On Thu 20 Oct 2022 at 20:27, SOFIIITA @.***> wrote:
yes i have tried but i can´t get the correct URL for pichia pastoris.
— Reply to this email directly, view it on GitHub https://github.com/igvteam/igv/issues/1239#issuecomment-1285970261, or unsubscribe https://github.com/notifications/unsubscribe-auth/AACL4TJJMDMOVRL62LFAZEDWEGFIHANCNFSM6AAAAAARKMJ2YY . You are receiving this because you are subscribed to this thread.Message ID: @.***>
@maximilianh Thanks for responding, what is the URL to the blat server? IGV uses this currently, which is user settable.

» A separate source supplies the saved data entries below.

text \<open>The Vandermonde convolution of \<open>1/2\<close> and \<open>-3/2\<close>, since \<open>(-1 gchoose m) = (-1)\<^sup>m\<close>.\<close>

lemma conv_coef_1: "conv_coef 1 m = bcoef m - 1"
proof -
  have wcoef_1: "wcoef 1 n = wcoef 0 n - (-1)^n * ((1/2::real) gchoose n)" for n
    by (cases n) (simp add: wcoef_def, simp only: wcoef_one, simp add: wcoef_def)
  have sign: "(-1::real)^n * ((1/2::real) gchoose n) * bcoef (m - n)
      = (-1)^m * (((1/2::real) gchoose n) * ((-3/2) gchoose (m - n)))" if "n \<le> m" for n
  proof -
    have "(-1::real)^n * (-1)^(m-n) = (-1)^m" using that by (simp add: power_add[symmetric])
    then show ?thesis
      unfolding bcoef_def by (metis (no_types, lifting) mult.assoc mult.left_commute)
  qed
  have "(\<Sum>n\<le>m. ((1/2::real) gchoose n) * ((-3/2) gchoose (m - n))) = (-1)^m"
    using gbinomial_Vandermonde[of "1/2::real" "-3/2" m] gbinomial_minus[of 1 m]
    by (simp add: atLeast0AtMost binomial_gbinomial[symmetric])
  moreover have "(\<Sum>n\<le>m. (-1::real)^n * ((1/2::real) gchoose n) * bcoef (m - n))
      = (-1)^m * (\<Sum>n\<le>m. ((1/2::real) gchoose n) * ((-3/2) gchoose (m - n)))"
    unfolding sum_distrib_left by (intro sum.cong refl sign) simp
  ultimately have "(\<Sum>n\<le>m. (-1::real)^n * ((1/2::real) gchoose n) * bcoef (m - n)) = 1"
    by (simp add: power_add[symmetric] mult_2[symmetric])
  then show ?thesis
    using conv_coef_0[of m] unfolding conv_coef_def wcoef_1 left_diff_distrib sum_subtractf by simp
qed

lemma conv_coef_eq_0: "t \<le> u \<Longrightarrow> conv_coef (2*u+1) (t+u) = 0"
  unfolding conv_coef_def by (intro sum.neutral) (auto simp: wcoef_eq_0)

https://genome.ucsc.edu/cgi-bin/hgBlat?userSeq=$SEQUENCE&type=DNA&db=$DB&output=json
The new blat server is called dynablat and can be found in the hub.txt -> genomes.txt file that the user referenced. The link that the user sent leads to a genome browser session and when you click there on "my data > my hubs" you can find under "connected hubs" an entry for this hub and the first link to it points to the hub.txt which points to this genomes.txt which has the BLAT information: https://hgdownload.soe.ucsc.edu/hubs/fungi/genomes.txt
In short: most GCF and a few GCA assemblies are served from this blat server: https://hgdownload.soe.ucsc.edu/hubs/fungi/genomes.txt
These are the ones we currently support but every day we add 1-2 more genomes: https://hgdownload.soe.ucsc.edu/hubs/UCSC_GI.assemblyHubList.txt
All described here: https://hgdownload.soe.ucsc.edu/hubs/
On Fri, Oct 21, 2022 at 12:36 AM Jim Robinson @.***> wrote:
@maximilianh https://github.com/maximilianh Thanks for responding, what is the URL to the blat server? IGV uses this currently, which is user settable.

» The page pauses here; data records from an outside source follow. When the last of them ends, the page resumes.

(* Let $\varphi:\mathbb{T}^1\times I_0\to\mathbb{T}^1\times I_0$, $\varphi(\theta,x)=(g(\theta),f(\theta,x))$, be a $C^3$ partially hyperbolic skew-product with $g$ a uniformly expanding smooth circle map. Let $\alpha>0$ and let $C_1=C_1(\alpha)>0$ be a constant such that for every $\alpha$-curve $\widehat X$ and every $n$, $\varphi^n(\widehat X)$ is a $C_1$-curve whenever it is a graph. Then there exists $C_2=C_2(\alpha)>0$ such that if $\widehat X=\{(\theta,X(\theta)):\theta\in J\}$ and $\varphi^k(\widehat X)=\{(\theta,X_k(\theta)):\theta\in J_k\}$ are graphs with $|X'|,|X_k'|\le C_1$, then for all $z,w\in\varphi^k(\widehat X)$, $$\operatorname{dist}_{\widehat X}(\varphi^{-k}(z),\varphi^{-k}(w))\le C_2\,|\partial_\theta g^k(\theta_k)|^{-1}\operatorname{dist}_{\varphi^k(\widehat X)}(z,w)$$ for some $\theta_k\in J$.
   Context: Partial hyperbolicity: there exist $C>0$, $0<\sigma<1$ with $\prod_{i=0}^{n-1}|\partial_x f(\varphi^i(\theta,x))|\,/\,|\partial_\theta g^n(\theta)|\le C\sigma^n$ for all $(\theta,x)$ and $n$. For $t>0$, a $t$-curve is the graph of a $C^1$ map $X:J\to I_0$, $J\subset\mathbb{T}^1$ an interval, with $|X'|\le t$. $\operatorname{dist}_A$ denotes the distance along the curve $A$ (arc length with respect to the Euclidean metric), and $\varphi^{-k}(z)$ denotes the point of $\widehat X$ mapped by $\varphi^k$ to $z$. *)

theory Defs
  imports "HOL-Analysis.Analysis"
begin

text \<open>The circle T^1 is represented by its universal cover: points of
T^1 x I0 are lifted to R x I0. The base map g is given by a lift G : R -> R of
integer degree, and the fibre map f by a function on R^2 which is 1-periodic in
theta.\<close>

fun Ck :: "nat \<Rightarrow> (real \<times> real \<Rightarrow> real) \<Rightarrow> bool" where
  "Ck 0 f = continuous_on UNIV f"
| "Ck (Suc k) f = (\<exists>f1 f2. (\<forall>z. (f has_derivative (\<lambda>h. fst h * f1 z + snd h * f2 z)) (at z))
                      \<and> Ck k f1 \<and> Ck k f2)"

definition smooth_real :: "(real \<Rightarrow> real) \<Rightarrow> bool" where
  "smooth_real G = (\<forall>n x. ((deriv ^^ n) G) differentiable (at x))"

definition expanding_circle_lift :: "(real \<Rightarrow> real) \<Rightarrow> bool" where
  "expanding_circle_lift G = (smooth_real G \<and> (\<exists>d::int. \<forall>t. G (t + 1) = G t + of_int d)
                              \<and> (\<exists>lam>1. \<forall>t. \<bar>deriv G t\<bar> \<ge> lam))"

definition skew :: "(real \<Rightarrow> real) \<Rightarrow> (real \<times> real \<Rightarrow> real) \<Rightarrow> real \<times> real \<Rightarrow> real \<times> real" where
  "skew G f = (\<lambda>p. (G (fst p), f p))"

definition partially_hyperbolic ::
  "(real \<Rightarrow> real) \<Rightarrow> (real \<times> real \<Rightarrow> real) \<Rightarrow> real set \<Rightarrow> bool" where
  "partially_hyperbolic G f I0 =
    (\<exists>C>0. \<exists>\<sigma>. 0 < \<sigma> \<and> \<sigma> < 1 \<and>
      (\<forall>t x n. x \<in> I0 \<longrightarrow>
        (\<Prod>i<n. \<bar>deriv (\<lambda>y. f (fst ((skew G f ^^ i) (t, x)), y)) (snd ((skew G f ^^ i) (t, x)))\<bar>)
          / \<bar>deriv (G ^^ n) t\<bar> \<le> C * \<sigma> ^ n))"

text \<open>A lifted interval J projects injectively into the circle.\<close>
definition circle_injective :: "real set \<Rightarrow> bool" where
  "circle_injective J = (\<forall>a\<in>J. \<forall>b\<in>J. a - b \<in> \<int> \<longrightarrow> a = b)"

definition tcurve :: "real set \<Rightarrow> real \<Rightarrow> real set \<Rightarrow> (real \<Rightarrow> real) \<Rightarrow> bool" where
  "tcurve I0 t J X =
    (is_interval J \<and> J \<noteq> {} \<and> circle_injective J \<and> (\<forall>s\<in>J. X s \<in> I0) \<and>
     (\<exists>X'. (\<forall>s\<in>J. (X has_real_derivative X' s) (at s within J)) \<and> continuous_on J X'
           \<and> (\<forall>s\<in>J. \<bar>X' s\<bar> \<le> t)))"

text \<open>phi^n of the graph of X over J is a graph over the circle.\<close>
definition image_is_graph :: "(real \<Rightarrow> real) \<Rightarrow> nat \<Rightarrow> real set \<Rightarrow> bool" where
  "image_is_graph G n J = circle_injective ((G ^^ n) ` J)"

definition represents_image ::
  "(real \<Rightarrow> real) \<Rightarrow> (real \<times> real \<Rightarrow> real) \<Rightarrow> nat \<Rightarrow> real set \<Rightarrow> (real \<Rightarrow> real) \<Rightarrow> (real \<Rightarrow> real) \<Rightarrow> bool" where
  "represents_image G f n J X Y = (\<forall>s\<in>J. Y ((G ^^ n) s) = snd ((skew G f ^^ n) (s, X s)))"

definition graph_dist :: "(real \<Rightarrow> real) \<Rightarrow> real \<Rightarrow> real \<Rightarrow> real" where
  "graph_dist X a b = integral {min a b..max a b} (\<lambda>s. sqrt (1 + (deriv X s)\<^sup>2))"

end

theory Submission
  imports Defs
begin

text \<open>Along a C1-curve with slope bounded by t, arc length is comparable to the length of the
base interval: |a - b| \<le> dist \<le> sqrt (1 + t^2) |a - b|. Since the point theta_k may be chosen
freely, the mean value theorem for G^k converts the base length of the image curve into
|(G^k)'(theta_k)| |a - b|, and |(G^k)'| \<ge> 1 makes the inverse power harmless. Only the slope
bounds and the expansion of G enter.\<close>

lemma is_interval_1_min_max_subset:
  fixes J :: "real set"
  assumes "is_interval J" and "a \<in> J" and "b \<in> J"
  shows "{min a b..max a b} \<subseteq> J"
proof
  fix x assume x: "x \<in> {min a b..max a b}"
  have "min a b \<in> J" "max a b \<in> J"
    using assms(2,3) by (simp_all add: min_def max_def)
  then show "x \<in> J"
    by (rule mem_is_interval_1_I[OF assms(1)]) (use x in simp_all)
qed

lemma has_integral_graph_dist:
  assumes J: "is_interval J" and a: "a \<in> J" and b: "b \<in> J"
    and X: "\<And>s. s \<in> J \<Longrightarrow> (X has_real_derivative X' s) (at s within J)"
    and X'_cont: "continuous_on J X'"
  shows "((\<lambda>s. sqrt (1 + (X' s)\<^sup>2)) has_integral graph_dist X a b) {min a b..max a b}"
proof -
  let ?h = "\<lambda>s. sqrt (1 + (X' s)\<^sup>2)"
  have sub: "{min a b..max a b} \<subseteq> J"
    using J a b by (rule is_interval_1_min_max_subset)
  have "continuous_on {min a b..max a b} ?h"
    by (intro continuous_intros continuous_on_subset[OF X'_cont sub])
  then obtain I where I: "(?h has_integral I) {min a b..max a b}"
    using integrable_continuous_interval by blast
  have deriv_eq: "deriv X s = X' s" if "s \<in> {min a b<..<max a b}" for s
  proof -
    have open_sub: "{min a b<..<max a b} \<subseteq> J"
      using sub by auto
    with that have "s \<in> J" by blast
    then have "(X has_real_derivative X' s) (at s within {min a b<..<max a b})"
      by (rule DERIV_subset[OF X open_sub])
    then have "(X has_real_derivative X' s) (at s)"
      by (simp only: at_within_open[OF that open_greaterThanLessThan])
    then show ?thesis
      by (rule DERIV_imp_deriv)
  qed
  have "((\<lambda>s. sqrt (1 + (deriv X s)\<^sup>2)) has_integral I) {min a b..max a b}"
  proof (rule has_integral_spike_finite[OF _ _ I])
    fix s assume "s \<in> {min a b..max a b} - {min a b, max a b}"
    then show "sqrt (1 + (deriv X s)\<^sup>2) = ?h s" by (simp add: deriv_eq)
  qed simp
  then have "graph_dist X a b = I"
    unfolding graph_dist_def by (rule integral_unique)
  with I show ?thesis by simp
qed

lemma tcurve_graph_dist_bounds:
  assumes "tcurve I0 t J X" and a: "a \<in> J" and b: "b \<in> J"
  shows "\<bar>a - b\<bar> \<le> graph_dist X a b" and "graph_dist X a b \<le> sqrt (1 + t\<^sup>2) * \<bar>a - b\<bar>"
proof -
  obtain X' where J: "is_interval J"
    and X: "\<And>s. s \<in> J \<Longrightarrow> (X has_real_derivative X' s) (at s within J)"
    and X'_cont: "continuous_on J X'" and X'_bound: "\<And>s. s \<in> J \<Longrightarrow> \<bar>X' s\<bar> \<le> t"
    using assms(1) unfolding tcurve_def by blast
  note int = has_integral_graph_dist[OF J a b X X'_cont]
  have sub: "{min a b..max a b} \<subseteq> J"
    using J a b by (rule is_interval_1_min_max_subset)
  have const: "((\<lambda>s. c) has_integral c * \<bar>a - b\<bar>) {min a b..max a b}" for c
    using has_integral_const_real[of c "min a b" "max a b"]
    by (cases "a \<le> b") (simp_all add: mult.commute)
  show "\<bar>a - b\<bar> \<le> graph_dist X a b"
    using has_integral_le[OF const[of 1] int] by simp
  have "sqrt (1 + (X' s)\<^sup>2) \<le> sqrt (1 + t\<^sup>2)" if "s \<in> {min a b..max a b}" for s
    using power_mono[OF X'_bound abs_ge_zero, of s 2] sub that by auto
  then show "graph_dist X a b \<le> sqrt (1 + t\<^sup>2) * \<bar>a - b\<bar>"
    by (intro has_integral_le[OF int const]) auto
qed

lemma funpow_has_real_derivative_expanding:
  assumes "\<And>x. (g has_real_derivative g' x) (at x)" and "\<And>x. 1 \<le> \<bar>g' x\<bar>"
  shows "\<exists>D. ((g ^^ k) has_real_derivative D) (at x) \<and> 1 \<le> \<bar>D\<bar>"
proof (induction k arbitrary: x)
  case 0
  show ?case by (auto intro!: exI[of _ 1] DERIV_ident simp: id_def)
next
  case (Suc k)
  obtain D where D: "((g ^^ k) has_real_derivative D) (at x)" "1 \<le> \<bar>D\<bar>"
    using Suc.IH by blast
  have "((g \<circ> (g ^^ k)) has_real_derivative g' ((g ^^ k) x) * D) (at x)"
    by (rule DERIV_chain[OF assms(1) D(1)])
  moreover have "1 \<le> \<bar>g' ((g ^^ k) x) * D\<bar>"
    using mult_mono[OF assms(2) D(2)] by (simp add: abs_mult)
  ultimately show ?case by (auto simp: o_def)
qed

lemma expanding_circle_lift_funpow_deriv:
  assumes "expanding_circle_lift G"
  shows "((G ^^ k) has_real_derivative deriv (G ^^ k) x) (at x)"
    and "1 \<le> \<bar>deriv (G ^^ k) x\<bar>"
proof -
  obtain lam where lam: "lam > 1" "\<And>t. lam \<le> \<bar>deriv G t\<bar>" and "smooth_real G"
    using assms unfolding expanding_circle_lift_def by blast
  have "(G has_real_derivative deriv G y) (at y)" for y
  proof -
    have "((deriv ^^ 0) G) differentiable (at y)"
      using \<open>smooth_real G\<close> unfolding smooth_real_def by blast
    then show ?thesis by (simp add: DERIV_deriv_iff_real_differentiable)
  qed
  moreover have "1 \<le> \<bar>deriv G y\<bar>" for y
    using lam(1) lam(2)[of y] by linarith
  ultimately obtain D where D: "((G ^^ k) has_real_derivative D) (at x)" "1 \<le> \<bar>D\<bar>"
    using funpow_has_real_derivative_expanding[of G "deriv G" k x] by blast
  then show "((G ^^ k) has_real_derivative deriv (G ^^ k) x) (at x)"
    and "1 \<le> \<bar>deriv (G ^^ k) x\<bar>"
    by (simp_all add: DERIV_imp_deriv)
qed

lemma mean_value_abs:
  fixes h :: "real \<Rightarrow> real"
  assumes "\<And>x. (h has_real_derivative deriv h x) (at x)"
  shows "\<exists>z. min a b \<le> z \<and> z \<le> max a b \<and> \<bar>h a - h b\<bar> = \<bar>a - b\<bar> * \<bar>deriv h z\<bar>"
proof (cases "a = b")
  case True
  then show ?thesis by auto
next
  case False
  then have "min a b < max a b" by auto
  from MVT2[OF this assms] obtain z where z: "min a b < z" "z < max a b"
    and eq: "h (max a b) - h (min a b) = (max a b - min a b) * deriv h z"
    by blast
  have "\<bar>h a - h b\<bar> = \<bar>h (max a b) - h (min a b)\<bar>"
    by (cases "a \<le> b") (auto simp: min_def max_def)
  also have "\<dots> = \<bar>a - b\<bar> * \<bar>deriv h z\<bar>"
    using eq by (simp add: abs_mult abs_minus_commute[of a b] max_def min_def)
  finally show ?thesis using z less_imp_le by blast
qed

theorem proposition6p3:
  fixes G :: "real \<Rightarrow> real" and f :: "real \<times> real \<Rightarrow> real"
    and a0 b0 \<alpha> C1 :: real
  assumes I0: "a0 < b0"
    and G: "expanding_circle_lift G"
    and f_C3: "Ck 3 f"
    and f_per: "\<forall>t x. f (t + 1, x) = f (t, x)"
    and f_maps: "\<forall>t x. x \<in> {a0..b0} \<longrightarrow> f (t, x) \<in> {a0..b0}"
    and PH: "partially_hyperbolic G f {a0..b0}"
    and alpha: "\<alpha> > 0"
    and C1_pos: "C1 > 0"
    and C1: "\<forall>n J X. tcurve {a0..b0} \<alpha> J X \<longrightarrow> image_is_graph G n J \<longrightarrow>
               (\<exists>Y. represents_image G f n J X Y \<and> tcurve {a0..b0} C1 ((G ^^ n) ` J) Y)"
  shows "\<exists>C2>0. \<forall>k J X Xk a b.
           tcurve {a0..b0} C1 J X \<longrightarrow> image_is_graph G k J \<longrightarrow>
           represents_image G f k J X Xk \<longrightarrow> tcurve {a0..b0} C1 ((G ^^ k) ` J) Xk \<longrightarrow>
           a \<in> J \<longrightarrow> b \<in> J \<longrightarrow>
           (\<exists>\<theta>k\<in>J. graph_dist X a b
                     \<le> C2 * \<bar>deriv (G ^^ k) \<theta>k\<bar> powr (-1) * graph_dist Xk ((G ^^ k) a) ((G ^^ k) b))"
proof (intro exI[of _ "sqrt (1 + C1\<^sup>2)"] conjI allI impI)
  let ?C = "sqrt (1 + C1\<^sup>2)"
  show "?C > 0" by (simp add: add_pos_nonneg)
  fix k J X Xk a b
  assume X: "tcurve {a0..b0} C1 J X" and Xk: "tcurve {a0..b0} C1 ((G ^^ k) ` J) Xk"
    and a: "a \<in> J" and b: "b \<in> J"
  obtain z where z: "min a b \<le> z" "z \<le> max a b"
    and mvt: "\<bar>(G ^^ k) a - (G ^^ k) b\<bar> = \<bar>a - b\<bar> * \<bar>deriv (G ^^ k) z\<bar>"
    using mean_value_abs[OF expanding_circle_lift_funpow_deriv(1)[OF G]] by blast
  have "is_interval J" using X by (simp add: tcurve_def)
  then have "z \<in> J"
    using is_interval_1_min_max_subset[OF _ a b] z by auto
  let ?D = "\<bar>deriv (G ^^ k) z\<bar>"
  have "0 < ?D"
    using expanding_circle_lift_funpow_deriv(2)[OF G, of k z] by linarith
  have "graph_dist X a b \<le> ?C * \<bar>a - b\<bar>"
    by (rule tcurve_graph_dist_bounds(2)[OF X a b])
  also have "\<dots> = ?C * ?D powr (-1) * \<bar>(G ^^ k) a - (G ^^ k) b\<bar>"
    using \<open>0 < ?D\<close> by (simp add: mvt powr_minus_divide)
  also have "\<dots> \<le> ?C * ?D powr (-1) * graph_dist Xk ((G ^^ k) a) ((G ^^ k) b)"
    by (intro mult_left_mono tcurve_graph_dist_bounds(1)[OF Xk]) (use a b in auto)
  finally show "\<exists>\<theta>k\<in>J. graph_dist X a b
      \<le> ?C * \<bar>deriv (G ^^ k) \<theta>k\<bar> powr (-1) * graph_dist Xk ((G ^^ k) a) ((G ^^ k) b)"
    using \<open>z \<in> J\<close> by blast
qed

end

https://genome.ucsc.edu/cgi-bin/hgBlat?userSeq=$SEQUENCE&type=DNA&db=$DB&output=json
— Reply to this email directly, view it on GitHub https://github.com/igvteam/igv/issues/1239#issuecomment-1286233914, or unsubscribe https://github.com/notifications/unsubscribe-auth/AACL4TOHIFWXXULDX2BS2C3WEHCM7ANCNFSM6AAAAAARKMJ2YY . You are receiving this because you were mentioned.Message ID: @.***>
Thanks @maximilianh , helpful as always, but its still not clear to me how to construct a webservice URL to do the blat. The "blat" property is not described here https://genome.ucsc.edu/goldenPath/help/hgTrackHubHelp. I found some information here https://genome.ucsc.edu/goldenPath/help/hubQuickStartAssembly.html but it seems to be instructions for setting up blat for use with an instance of the UCSC Genome Browser, specifically use with "the blat page". I don't see anything that looks like a blat webservice.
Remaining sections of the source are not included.